- What is expected
This exercise asks for a copy of each line in the records below with the word "refl" in it.

- Provided data
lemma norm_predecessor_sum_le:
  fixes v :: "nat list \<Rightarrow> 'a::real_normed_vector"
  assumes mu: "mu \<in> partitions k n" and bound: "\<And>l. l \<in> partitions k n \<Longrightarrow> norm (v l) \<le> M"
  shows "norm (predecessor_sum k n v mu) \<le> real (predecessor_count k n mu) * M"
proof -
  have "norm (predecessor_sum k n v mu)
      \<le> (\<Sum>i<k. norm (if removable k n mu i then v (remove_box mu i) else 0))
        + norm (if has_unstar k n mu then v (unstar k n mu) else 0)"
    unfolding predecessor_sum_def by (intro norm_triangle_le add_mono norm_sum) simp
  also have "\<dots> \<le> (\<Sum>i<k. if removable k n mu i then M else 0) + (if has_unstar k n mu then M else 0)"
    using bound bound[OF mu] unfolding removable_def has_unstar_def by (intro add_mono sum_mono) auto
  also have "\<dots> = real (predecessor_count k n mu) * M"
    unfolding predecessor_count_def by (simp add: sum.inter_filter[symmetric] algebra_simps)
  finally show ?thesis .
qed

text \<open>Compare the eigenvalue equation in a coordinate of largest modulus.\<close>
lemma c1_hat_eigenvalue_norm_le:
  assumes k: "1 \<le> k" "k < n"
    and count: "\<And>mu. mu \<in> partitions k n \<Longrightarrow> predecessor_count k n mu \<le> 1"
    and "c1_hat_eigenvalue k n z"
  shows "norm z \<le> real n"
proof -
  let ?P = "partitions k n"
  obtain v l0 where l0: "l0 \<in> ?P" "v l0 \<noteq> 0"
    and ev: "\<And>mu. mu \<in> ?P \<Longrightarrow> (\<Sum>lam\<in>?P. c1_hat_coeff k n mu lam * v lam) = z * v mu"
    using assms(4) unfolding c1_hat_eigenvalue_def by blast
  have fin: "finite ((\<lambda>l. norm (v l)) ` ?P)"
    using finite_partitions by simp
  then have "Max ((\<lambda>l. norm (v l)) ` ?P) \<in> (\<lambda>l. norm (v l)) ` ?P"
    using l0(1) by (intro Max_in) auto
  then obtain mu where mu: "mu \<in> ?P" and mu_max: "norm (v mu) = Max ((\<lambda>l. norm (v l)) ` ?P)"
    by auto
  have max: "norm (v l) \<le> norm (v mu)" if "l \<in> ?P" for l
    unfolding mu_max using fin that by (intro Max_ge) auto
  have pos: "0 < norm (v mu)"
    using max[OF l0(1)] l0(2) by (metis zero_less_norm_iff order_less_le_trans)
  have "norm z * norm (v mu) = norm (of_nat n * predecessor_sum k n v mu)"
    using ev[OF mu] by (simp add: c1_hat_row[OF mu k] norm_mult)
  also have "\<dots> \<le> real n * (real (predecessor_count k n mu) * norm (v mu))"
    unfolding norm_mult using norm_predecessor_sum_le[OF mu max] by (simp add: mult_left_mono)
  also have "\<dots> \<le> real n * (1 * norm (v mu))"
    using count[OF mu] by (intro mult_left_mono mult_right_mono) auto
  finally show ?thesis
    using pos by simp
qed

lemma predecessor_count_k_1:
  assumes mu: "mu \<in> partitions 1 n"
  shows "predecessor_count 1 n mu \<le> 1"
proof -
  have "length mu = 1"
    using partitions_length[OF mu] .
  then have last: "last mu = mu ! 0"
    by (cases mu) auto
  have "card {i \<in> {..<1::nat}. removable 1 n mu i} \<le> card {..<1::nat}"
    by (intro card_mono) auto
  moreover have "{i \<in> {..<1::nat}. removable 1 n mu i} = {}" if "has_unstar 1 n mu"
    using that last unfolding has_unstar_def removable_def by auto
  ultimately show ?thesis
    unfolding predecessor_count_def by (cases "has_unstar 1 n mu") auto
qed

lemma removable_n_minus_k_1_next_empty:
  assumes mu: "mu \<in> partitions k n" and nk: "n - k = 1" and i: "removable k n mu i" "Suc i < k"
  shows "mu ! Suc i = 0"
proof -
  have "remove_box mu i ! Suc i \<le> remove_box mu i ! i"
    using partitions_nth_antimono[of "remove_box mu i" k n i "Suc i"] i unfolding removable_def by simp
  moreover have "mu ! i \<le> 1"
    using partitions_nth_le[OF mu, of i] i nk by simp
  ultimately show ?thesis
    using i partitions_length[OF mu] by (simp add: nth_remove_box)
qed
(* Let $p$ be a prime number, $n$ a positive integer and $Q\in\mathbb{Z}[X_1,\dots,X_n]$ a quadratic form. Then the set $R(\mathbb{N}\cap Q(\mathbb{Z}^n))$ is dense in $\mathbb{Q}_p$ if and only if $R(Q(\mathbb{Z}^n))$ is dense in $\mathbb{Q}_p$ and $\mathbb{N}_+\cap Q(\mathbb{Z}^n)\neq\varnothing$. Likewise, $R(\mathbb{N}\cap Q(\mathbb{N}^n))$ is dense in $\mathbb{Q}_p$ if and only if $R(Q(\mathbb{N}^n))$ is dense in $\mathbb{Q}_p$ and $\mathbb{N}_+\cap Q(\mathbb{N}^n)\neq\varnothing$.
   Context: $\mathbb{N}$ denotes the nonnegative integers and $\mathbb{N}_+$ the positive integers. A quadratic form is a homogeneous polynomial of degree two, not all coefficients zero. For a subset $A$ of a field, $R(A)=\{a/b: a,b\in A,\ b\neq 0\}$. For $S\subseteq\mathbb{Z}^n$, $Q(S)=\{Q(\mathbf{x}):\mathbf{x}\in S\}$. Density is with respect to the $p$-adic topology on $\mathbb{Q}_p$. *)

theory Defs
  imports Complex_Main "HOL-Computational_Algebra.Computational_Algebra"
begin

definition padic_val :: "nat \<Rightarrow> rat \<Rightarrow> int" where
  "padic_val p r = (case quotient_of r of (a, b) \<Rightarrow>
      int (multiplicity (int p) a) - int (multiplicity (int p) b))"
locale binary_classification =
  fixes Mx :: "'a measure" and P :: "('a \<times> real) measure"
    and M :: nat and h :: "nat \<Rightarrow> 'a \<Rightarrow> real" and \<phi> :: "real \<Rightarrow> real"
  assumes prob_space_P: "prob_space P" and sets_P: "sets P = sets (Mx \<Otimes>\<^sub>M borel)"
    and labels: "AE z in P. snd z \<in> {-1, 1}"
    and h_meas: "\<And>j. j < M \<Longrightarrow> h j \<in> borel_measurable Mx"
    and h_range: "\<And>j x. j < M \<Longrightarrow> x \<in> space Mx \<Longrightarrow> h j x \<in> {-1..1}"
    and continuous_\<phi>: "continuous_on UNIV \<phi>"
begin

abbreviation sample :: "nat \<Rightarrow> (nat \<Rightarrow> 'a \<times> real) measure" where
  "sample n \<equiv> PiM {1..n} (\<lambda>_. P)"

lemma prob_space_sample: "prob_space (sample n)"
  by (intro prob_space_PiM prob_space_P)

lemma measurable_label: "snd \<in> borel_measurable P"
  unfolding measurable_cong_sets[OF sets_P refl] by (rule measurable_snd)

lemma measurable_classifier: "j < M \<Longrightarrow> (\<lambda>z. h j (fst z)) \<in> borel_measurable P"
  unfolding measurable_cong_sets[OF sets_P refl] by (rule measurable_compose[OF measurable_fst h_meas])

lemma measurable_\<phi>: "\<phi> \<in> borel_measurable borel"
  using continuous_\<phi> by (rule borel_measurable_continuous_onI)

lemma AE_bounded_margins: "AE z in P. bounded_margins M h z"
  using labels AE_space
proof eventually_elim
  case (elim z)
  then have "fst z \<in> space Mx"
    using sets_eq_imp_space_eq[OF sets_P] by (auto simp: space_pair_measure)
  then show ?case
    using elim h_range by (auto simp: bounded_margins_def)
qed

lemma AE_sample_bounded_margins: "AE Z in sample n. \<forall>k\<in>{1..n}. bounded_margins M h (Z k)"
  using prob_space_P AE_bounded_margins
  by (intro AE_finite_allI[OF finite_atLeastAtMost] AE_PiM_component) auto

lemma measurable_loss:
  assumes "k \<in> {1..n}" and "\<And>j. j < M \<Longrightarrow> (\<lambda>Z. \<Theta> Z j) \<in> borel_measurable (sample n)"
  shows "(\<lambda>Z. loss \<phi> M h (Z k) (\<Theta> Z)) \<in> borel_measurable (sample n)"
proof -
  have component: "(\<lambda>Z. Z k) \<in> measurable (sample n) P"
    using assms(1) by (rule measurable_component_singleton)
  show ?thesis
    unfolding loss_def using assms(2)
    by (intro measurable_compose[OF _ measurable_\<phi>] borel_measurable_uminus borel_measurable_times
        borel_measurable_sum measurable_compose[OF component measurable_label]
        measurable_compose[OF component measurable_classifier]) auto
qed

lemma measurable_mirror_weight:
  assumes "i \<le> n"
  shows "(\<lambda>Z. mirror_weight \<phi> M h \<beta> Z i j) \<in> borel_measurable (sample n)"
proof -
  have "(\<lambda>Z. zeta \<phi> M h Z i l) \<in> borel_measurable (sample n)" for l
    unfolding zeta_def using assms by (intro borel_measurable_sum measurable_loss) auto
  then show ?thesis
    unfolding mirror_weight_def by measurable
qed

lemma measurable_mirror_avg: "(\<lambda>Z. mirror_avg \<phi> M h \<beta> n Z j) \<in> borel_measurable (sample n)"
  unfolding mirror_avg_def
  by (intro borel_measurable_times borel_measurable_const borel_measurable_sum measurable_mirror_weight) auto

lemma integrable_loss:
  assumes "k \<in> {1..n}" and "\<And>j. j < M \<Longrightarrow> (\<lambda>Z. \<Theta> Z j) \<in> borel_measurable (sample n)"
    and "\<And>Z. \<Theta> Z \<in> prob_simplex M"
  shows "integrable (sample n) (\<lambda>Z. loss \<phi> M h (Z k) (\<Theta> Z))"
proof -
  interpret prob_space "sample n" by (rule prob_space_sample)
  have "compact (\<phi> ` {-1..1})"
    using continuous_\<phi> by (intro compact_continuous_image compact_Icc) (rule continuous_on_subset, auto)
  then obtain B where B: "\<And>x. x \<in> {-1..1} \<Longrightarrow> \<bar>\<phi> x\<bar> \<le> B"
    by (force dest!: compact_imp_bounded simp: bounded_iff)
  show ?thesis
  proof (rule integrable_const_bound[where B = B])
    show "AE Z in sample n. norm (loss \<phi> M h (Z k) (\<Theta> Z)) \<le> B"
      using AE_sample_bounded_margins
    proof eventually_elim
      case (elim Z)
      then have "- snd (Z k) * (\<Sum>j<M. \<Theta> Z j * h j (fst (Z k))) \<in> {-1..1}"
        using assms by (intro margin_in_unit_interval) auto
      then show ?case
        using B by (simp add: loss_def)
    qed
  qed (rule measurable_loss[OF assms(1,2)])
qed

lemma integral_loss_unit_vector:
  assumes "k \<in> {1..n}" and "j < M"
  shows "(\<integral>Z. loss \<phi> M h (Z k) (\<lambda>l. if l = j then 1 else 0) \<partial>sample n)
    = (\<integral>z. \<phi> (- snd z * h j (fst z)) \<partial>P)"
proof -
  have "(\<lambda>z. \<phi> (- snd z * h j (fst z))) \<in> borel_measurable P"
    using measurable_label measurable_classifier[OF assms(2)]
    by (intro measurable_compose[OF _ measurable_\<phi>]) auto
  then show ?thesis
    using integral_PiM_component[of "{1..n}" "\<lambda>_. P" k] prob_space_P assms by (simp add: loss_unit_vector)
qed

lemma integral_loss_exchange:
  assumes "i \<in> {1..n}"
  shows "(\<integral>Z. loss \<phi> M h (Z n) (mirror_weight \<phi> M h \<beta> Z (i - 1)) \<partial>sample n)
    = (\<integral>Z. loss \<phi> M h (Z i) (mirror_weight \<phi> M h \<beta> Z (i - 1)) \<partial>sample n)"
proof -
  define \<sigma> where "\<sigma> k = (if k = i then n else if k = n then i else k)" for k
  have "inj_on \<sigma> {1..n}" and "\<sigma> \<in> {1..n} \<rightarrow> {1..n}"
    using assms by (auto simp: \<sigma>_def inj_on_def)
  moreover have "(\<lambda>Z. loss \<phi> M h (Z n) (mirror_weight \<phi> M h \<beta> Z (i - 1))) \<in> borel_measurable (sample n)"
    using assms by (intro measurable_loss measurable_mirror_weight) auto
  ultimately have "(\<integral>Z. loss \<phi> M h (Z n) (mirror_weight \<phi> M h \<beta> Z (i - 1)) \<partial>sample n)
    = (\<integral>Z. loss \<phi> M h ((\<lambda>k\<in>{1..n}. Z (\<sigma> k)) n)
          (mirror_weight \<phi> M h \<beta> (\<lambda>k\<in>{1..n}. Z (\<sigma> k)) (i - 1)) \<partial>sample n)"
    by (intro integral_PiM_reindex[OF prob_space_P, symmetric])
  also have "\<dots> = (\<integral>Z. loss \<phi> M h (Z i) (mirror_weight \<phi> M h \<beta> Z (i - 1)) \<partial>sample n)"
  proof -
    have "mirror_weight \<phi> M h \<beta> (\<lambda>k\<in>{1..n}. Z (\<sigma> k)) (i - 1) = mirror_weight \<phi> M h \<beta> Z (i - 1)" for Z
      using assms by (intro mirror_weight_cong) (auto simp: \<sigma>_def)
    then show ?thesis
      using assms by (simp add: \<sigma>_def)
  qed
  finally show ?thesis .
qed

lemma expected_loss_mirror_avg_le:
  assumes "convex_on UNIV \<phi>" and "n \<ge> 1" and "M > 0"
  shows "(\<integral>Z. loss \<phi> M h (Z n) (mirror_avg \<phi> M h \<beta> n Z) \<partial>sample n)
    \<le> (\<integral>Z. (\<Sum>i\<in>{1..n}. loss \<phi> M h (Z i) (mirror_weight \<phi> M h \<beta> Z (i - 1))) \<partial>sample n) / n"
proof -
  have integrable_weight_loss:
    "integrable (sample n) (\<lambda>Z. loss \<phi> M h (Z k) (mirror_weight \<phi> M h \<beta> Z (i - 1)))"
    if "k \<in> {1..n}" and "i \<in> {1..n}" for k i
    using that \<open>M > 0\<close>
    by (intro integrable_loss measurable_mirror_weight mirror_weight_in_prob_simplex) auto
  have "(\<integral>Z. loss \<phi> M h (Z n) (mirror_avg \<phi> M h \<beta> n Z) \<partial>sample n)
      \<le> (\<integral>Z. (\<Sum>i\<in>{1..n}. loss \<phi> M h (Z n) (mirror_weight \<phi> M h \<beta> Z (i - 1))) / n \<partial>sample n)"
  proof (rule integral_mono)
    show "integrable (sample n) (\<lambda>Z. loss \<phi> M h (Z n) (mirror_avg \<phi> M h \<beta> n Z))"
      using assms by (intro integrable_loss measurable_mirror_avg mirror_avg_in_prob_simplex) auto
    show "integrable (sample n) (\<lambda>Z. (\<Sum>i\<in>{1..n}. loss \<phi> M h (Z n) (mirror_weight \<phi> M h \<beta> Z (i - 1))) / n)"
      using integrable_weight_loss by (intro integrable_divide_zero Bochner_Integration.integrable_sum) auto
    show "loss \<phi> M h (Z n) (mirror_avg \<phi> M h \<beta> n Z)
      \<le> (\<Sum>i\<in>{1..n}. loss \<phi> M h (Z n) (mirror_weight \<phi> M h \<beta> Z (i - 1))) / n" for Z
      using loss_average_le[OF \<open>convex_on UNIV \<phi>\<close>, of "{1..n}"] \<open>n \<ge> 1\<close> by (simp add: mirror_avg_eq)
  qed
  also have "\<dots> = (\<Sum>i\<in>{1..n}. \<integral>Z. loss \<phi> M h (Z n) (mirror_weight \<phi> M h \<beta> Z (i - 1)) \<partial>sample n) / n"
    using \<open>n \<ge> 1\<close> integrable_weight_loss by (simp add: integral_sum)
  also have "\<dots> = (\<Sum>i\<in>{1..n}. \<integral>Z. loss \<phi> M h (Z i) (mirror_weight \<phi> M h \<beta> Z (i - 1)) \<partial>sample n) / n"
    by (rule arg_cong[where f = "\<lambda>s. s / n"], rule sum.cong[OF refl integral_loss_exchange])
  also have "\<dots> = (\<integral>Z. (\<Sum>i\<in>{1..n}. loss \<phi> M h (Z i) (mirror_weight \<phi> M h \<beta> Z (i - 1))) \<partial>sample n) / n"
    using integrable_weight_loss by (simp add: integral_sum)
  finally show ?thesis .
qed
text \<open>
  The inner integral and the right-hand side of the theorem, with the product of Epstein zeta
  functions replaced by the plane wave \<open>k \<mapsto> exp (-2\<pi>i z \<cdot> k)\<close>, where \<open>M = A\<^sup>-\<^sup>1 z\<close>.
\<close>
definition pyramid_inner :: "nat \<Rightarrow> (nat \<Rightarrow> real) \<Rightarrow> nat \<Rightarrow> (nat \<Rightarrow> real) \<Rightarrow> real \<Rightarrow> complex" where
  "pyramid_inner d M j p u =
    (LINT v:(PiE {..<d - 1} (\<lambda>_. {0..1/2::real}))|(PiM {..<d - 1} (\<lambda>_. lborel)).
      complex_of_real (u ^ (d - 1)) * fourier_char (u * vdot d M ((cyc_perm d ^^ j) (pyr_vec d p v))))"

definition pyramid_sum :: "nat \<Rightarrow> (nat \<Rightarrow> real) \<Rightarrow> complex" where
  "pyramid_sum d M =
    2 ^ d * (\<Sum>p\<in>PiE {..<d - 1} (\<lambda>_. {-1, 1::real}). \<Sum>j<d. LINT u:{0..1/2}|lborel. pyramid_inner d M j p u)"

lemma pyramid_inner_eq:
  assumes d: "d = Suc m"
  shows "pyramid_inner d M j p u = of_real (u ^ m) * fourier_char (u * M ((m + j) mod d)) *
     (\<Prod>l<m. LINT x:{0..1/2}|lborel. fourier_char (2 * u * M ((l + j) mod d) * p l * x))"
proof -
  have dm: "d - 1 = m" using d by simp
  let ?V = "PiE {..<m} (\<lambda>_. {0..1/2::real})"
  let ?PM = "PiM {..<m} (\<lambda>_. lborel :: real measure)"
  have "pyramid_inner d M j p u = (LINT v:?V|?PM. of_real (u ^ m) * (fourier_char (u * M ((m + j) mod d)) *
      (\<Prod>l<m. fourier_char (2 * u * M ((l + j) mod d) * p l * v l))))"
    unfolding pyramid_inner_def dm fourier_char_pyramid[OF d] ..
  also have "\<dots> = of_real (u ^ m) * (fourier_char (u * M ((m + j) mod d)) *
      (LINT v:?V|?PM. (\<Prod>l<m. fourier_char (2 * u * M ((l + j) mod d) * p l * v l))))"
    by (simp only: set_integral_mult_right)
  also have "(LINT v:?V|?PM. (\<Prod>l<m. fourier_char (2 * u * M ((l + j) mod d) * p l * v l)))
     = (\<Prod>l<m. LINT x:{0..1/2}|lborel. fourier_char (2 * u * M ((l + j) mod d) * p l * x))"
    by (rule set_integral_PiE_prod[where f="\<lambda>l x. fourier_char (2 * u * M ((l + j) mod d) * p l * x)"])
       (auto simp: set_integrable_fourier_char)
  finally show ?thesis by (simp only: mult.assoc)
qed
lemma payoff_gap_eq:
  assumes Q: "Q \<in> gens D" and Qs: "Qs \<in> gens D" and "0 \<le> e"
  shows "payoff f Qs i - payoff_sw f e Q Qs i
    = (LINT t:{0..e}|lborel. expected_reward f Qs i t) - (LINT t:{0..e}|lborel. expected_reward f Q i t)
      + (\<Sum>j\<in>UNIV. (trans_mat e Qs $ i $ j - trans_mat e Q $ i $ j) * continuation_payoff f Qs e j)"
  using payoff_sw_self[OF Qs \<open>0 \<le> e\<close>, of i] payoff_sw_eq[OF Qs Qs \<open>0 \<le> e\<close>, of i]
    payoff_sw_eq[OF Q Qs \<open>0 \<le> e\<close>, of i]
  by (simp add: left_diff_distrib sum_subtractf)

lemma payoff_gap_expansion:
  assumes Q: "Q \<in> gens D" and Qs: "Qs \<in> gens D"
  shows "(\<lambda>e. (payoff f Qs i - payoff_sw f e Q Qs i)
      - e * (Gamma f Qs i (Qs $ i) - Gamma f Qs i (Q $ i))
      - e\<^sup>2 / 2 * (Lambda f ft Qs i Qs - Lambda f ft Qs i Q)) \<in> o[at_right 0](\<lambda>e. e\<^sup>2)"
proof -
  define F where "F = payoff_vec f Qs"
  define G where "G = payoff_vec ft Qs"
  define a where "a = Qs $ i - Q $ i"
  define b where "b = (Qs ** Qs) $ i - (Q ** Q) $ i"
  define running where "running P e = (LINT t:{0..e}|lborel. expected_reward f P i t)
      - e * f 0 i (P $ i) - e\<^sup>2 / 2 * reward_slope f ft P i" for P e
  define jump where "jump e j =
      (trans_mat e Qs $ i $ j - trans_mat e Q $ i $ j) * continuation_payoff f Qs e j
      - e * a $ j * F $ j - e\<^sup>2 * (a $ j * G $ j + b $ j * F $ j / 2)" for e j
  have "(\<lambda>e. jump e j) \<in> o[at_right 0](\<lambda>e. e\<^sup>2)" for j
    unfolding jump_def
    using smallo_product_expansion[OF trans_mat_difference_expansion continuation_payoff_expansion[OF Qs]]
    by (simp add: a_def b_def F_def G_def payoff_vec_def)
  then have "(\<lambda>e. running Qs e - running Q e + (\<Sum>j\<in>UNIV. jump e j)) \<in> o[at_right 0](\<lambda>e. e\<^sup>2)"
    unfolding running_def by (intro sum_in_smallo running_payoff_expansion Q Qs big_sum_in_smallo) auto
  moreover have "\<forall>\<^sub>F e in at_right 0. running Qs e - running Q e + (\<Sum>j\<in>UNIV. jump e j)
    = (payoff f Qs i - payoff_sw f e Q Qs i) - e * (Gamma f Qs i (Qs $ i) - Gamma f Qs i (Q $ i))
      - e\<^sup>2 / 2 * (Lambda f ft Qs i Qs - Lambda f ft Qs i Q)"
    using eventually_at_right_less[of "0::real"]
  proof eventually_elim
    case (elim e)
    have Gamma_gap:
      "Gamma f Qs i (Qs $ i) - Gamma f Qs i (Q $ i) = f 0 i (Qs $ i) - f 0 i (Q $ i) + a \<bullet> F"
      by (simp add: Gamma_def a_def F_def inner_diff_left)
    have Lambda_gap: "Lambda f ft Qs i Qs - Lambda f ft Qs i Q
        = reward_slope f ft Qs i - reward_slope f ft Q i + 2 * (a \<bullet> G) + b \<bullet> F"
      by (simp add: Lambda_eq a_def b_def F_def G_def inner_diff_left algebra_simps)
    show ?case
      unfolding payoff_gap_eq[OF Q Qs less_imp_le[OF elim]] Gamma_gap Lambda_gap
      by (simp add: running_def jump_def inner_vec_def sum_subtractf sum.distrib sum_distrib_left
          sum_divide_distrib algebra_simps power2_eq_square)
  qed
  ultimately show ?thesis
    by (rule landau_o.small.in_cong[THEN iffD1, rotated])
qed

- Answer
  unfolding measurable_cong_sets[OF sets_P refl] by (rule measurable_snd)
  unfolding measurable_cong_sets[OF sets_P refl] by (rule measurable_compose[OF measurable_fst h_meas])
    by (rule arg_cong[where f = "\<lambda>s. s / n"], rule sum.cong[OF refl integral_loss_exchange])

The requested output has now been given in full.